UCI Institute for Memory Impairments and Neurological Disorders, University of California, Irvine, United States; Center for Advanced Sciences and Technology (CAST), University "G. d'Annunzio" of Chieti-Pescara, Chieti, Italy; Department of Neuroscience, Imaging and Clinical Sciences, University G d'Annunzio of Chieti-Pescara, Chieti, Italy.
UCI Institute for Memory Impairments and Neurological Disorders, University of California, Irvine, United States; Sue and Bill Gross Stem Cell Research Center, University of California, Irvine, CA, United States; Department of Neurobiology and Behavior, University of California, Irvine, CA, United States; Institute for Neurodegenerative Diseases, University of California, San Francisco, CA, United States.
Cell Calcium. 2024 Nov;123:102923. doi: 10.1016/j.ceca.2024.102923. Epub 2024 Jun 13.

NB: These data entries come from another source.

(* For non-negative integers $n$ let $$S_n=\sum_{k=0}^{n-3}(-1)^k\binom{2k}{k}\binom{n-3}{k}\binom{k}{n-k-3}$$ (so $S_0=S_1=S_2=0$, the sum being empty). Then for every non-negative integer $n$, $$S_{3n}\equiv S_{3n+1}\equiv -S_{3n+2}\pmod 3,\qquad S_{4n+2}\equiv 0\pmod 4,$$ and for every positive integer $n$, $$S_{n+2}+12S_{n+1}+16S_n\equiv 0\pmod n.$$
   Context: Binomial coefficients $\binom{a}{b}$ are zero when $b<0$ or $b>a$. *)

theory Defs
  imports Main "HOL-Number_Theory.Cong"
begin

text \<open>S n = sum over k = 0..n-3 of (-1)^k C(2k,k) C(n-3,k) C(k,n-k-3); empty for n < 3.
  The index set {..< n-2} (nat subtraction) is exactly {0..n-3} when n \<ge> 3 and empty otherwise.
  Within the range, n-k-3 \<ge> 0, so nat subtraction is exact there.\<close>
definition S :: "nat \<Rightarrow> int" where
  "S n = (\<Sum>k<n-2. (-1)^k * int ((2*k) choose k) * int ((n-3) choose k) * int (k choose (n-3-k)))"

end

theory Submission
  imports Defs "HOL-Computational_Algebra.Polynomial"
begin

text \<open>Let a(k) = (-1)^k C(2k,k) and let L be the linear functional on Z[w] with L(w^k) = a(k).
  Expanding G = 1 + w x (1 + x) by the binomial theorem shows S(m+3) = L([x^m] G^m), and the
  recurrence (k+1) a(k+1) = -(4k+2) a(k) says that L annihilates (w+2) q + w(w+4) q'.

  Modulo 3, G^3 = G(w^3, x^3) and a(3k) = a(3k+1) = a(k), a(3k+2) = 0; extracting coefficients gives
  S(3n) = S(3n+1) = S(n) and S(3n+2) = 2 S(n). Modulo 4 every summand of S(4n+2) vanishes: for
  m = 4n - 1 odd and j = m - k, C(m,k) C(k,j) = C(m,2j) C(2j,j), so two even central binomial
  coefficients occur, unless k = m, where 4 divides C(2m,m). Finally an explicit creative-telescoping
  certificate gives x G^(m+2) + 12 x^2 G^(m+1) + 16 x^3 G^m = x d/dx A + (w+2) F + w(w+4) d/dw F + (m+3) R;
  applying L to the coefficient of x^(m+3) kills the middle terms and leaves a multiple of m + 3.\<close>

section \<open>The moment functional of the alternating central binomial coefficients\<close>

definition alt_cbinom :: "nat \<Rightarrow> int" where
  "alt_cbinom k = (-1)^k * int ((2*k) choose k)"

lemma Suc_times_central_binomial:
  "Suc k * ((2 * Suc k) choose Suc k) = 2 * (2*k+1) * ((2*k) choose k)"
proof -
  have "Suc k * ((2 * Suc k) choose Suc k) = Suc (Suc (2*k)) * (Suc (2*k) choose k)"
    using Suc_times_binomial[of k "Suc (2*k)"] by simp
  also have "Suc (2*k) choose k = Suc (2*k) choose Suc k"
    using binomial_symmetric[of "Suc k" "Suc (2*k)"] by simp
  also have "Suc (Suc (2*k)) * (Suc (2*k) choose Suc k) = 2 * (Suc (2*k) * ((2*k) choose k))"
    using Suc_times_binomial_eq[of "2*k" k] by (simp add: mult.commute)
  finally show ?thesis by simp
qed

lemma alt_cbinom_Suc: "int (Suc k) * alt_cbinom (Suc k) = - (4 * int k + 2) * alt_cbinom k"
proof -
  define C where "C = (2 * Suc k) choose Suc k"
  have "int (Suc k) * int C = (4 * int k + 2) * int ((2*k) choose k)"
    using arg_cong[OF Suc_times_central_binomial[of k], of int]
    unfolding C_def[symmetric] by (simp only: of_nat_mult) (simp add: algebra_simps)
  then have "(-1)^k * (int (Suc k) * int C) = (-1)^k * ((4 * int k + 2) * int ((2*k) choose k))"
    by simp
  then show ?thesis
    unfolding alt_cbinom_def C_def[symmetric] by (simp add: algebra_simps)
qed

definition moment :: "int poly \<Rightarrow> int" where
  "moment p = (\<Sum>k\<le>degree p. coeff p k * alt_cbinom k)"

lemma moment_eq_sum: "degree p \<le> N \<Longrightarrow> moment p = (\<Sum>k\<le>N. coeff p k * alt_cbinom k)"
  unfolding moment_def by (rule sum.mono_neutral_left) (auto simp: coeff_eq_0)

lemma moment_add: "moment (p + q) = moment p + moment q"
proof -
  define N where "N = max (degree p) (degree q)"
  have "degree (p + q) \<le> N"
    unfolding N_def by (rule degree_add_le) auto
  then show ?thesis
    using moment_eq_sum[of p N] moment_eq_sum[of q N] moment_eq_sum[of "p + q" N]
    by (simp add: N_def sum.distrib algebra_simps)
qed

lemma moment_smult: "moment (smult c p) = c * moment p"
  using moment_eq_sum[of "smult c p" "degree p"] degree_smult_le[of c p]
  by (simp add: moment_def sum_distrib_left algebra_simps)

lemma moment_sum: "moment (\<Sum>i\<in>A. f i) = (\<Sum>i\<in>A. moment (f i))"
  by (induction A rule: infinite_finite_induct) (auto simp: moment_add moment_def[of 0])

lemma moment_monom: "moment (monom c k) = c * alt_cbinom k"
proof -
  have "moment (monom c k) = (\<Sum>i\<le>k. coeff (monom c k) i * alt_cbinom i)"
    by (rule moment_eq_sum) (rule degree_monom_le)
  also have "\<dots> = (\<Sum>i\<le>k. if i = k then c * alt_cbinom k else 0)"
    by (rule sum.cong) (auto simp: coeff_monom)
  finally show ?thesis by simp
qed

The central nervous system (CNS) is constantly surveilled by microglia, highly motile and dynamic cells deputed to act as the first line of immune defense in the brain and spinal cord. Alterations in the homeostasis of the CNS are detected by microglia that respond by extending their processes or - following major injuries - by migrating toward the affected area. Understanding the mechanisms controlling directed cell migration of microglia is crucial to dissect their responses to neuroinflammation and injury. We used a combination of pharmacological and genetic approaches to explore the involvement of calcium (Ca) signaling in the directed migration of human induced pluripotent stem cell (iPSC)-derived microglia challenged with a purinergic stimulus. This approach mimics cues originating from injury of the CNS. Unexpectedly, simultaneous imaging of microglia migration and intracellular Ca changes revealed that this phenomenon does not require Ca signals generated from the endoplasmic reticulum (ER) and store-operated Ca entry (SOCE) pathways. Instead, we find evidence that human microglial chemotaxis to purinergic signals is mediated by cyclic AMP in a Ca-independent manner. These results challenge prevailing notions, with important implications in neurological conditions characterized by perturbation in Ca homeostasis.
中枢神经系统(CNS)不断受到小胶质细胞的监测,小胶质细胞是一种高度活跃和动态的细胞,被派往大脑和脊髓充当第一道免疫防御。小胶质细胞检测到 CNS 内环境平衡的改变,通过延伸其突起来作出反应,或者在受到严重损伤时向受影响的区域迁移。理解控制小胶质细胞定向细胞迁移的机制对于剖析它们对神经炎症和损伤的反应至关重要。我们使用药理学和遗传学方法的组合,探索钙(Ca)信号在人类诱导多能干细胞(iPSC)衍生的小胶质细胞对嘌呤能刺激的定向迁移中的作用。这种方法模拟了源自中枢神经系统损伤的信号。出乎意料的是,同时对小胶质细胞迁移和细胞内 Ca 变化进行成像,揭示了这种现象不需要内质网(ER)和储存操作的 Ca 内流(SOCE)途径产生的 Ca 信号。相反,我们发现有证据表明,人类小胶质细胞对嘌呤能信号的趋化性是通过 cAMP 介导的,且不依赖 Ca。这些结果对普遍存在的观点提出了挑战,对以 Ca 稳态失调为特征的神经疾病具有重要意义。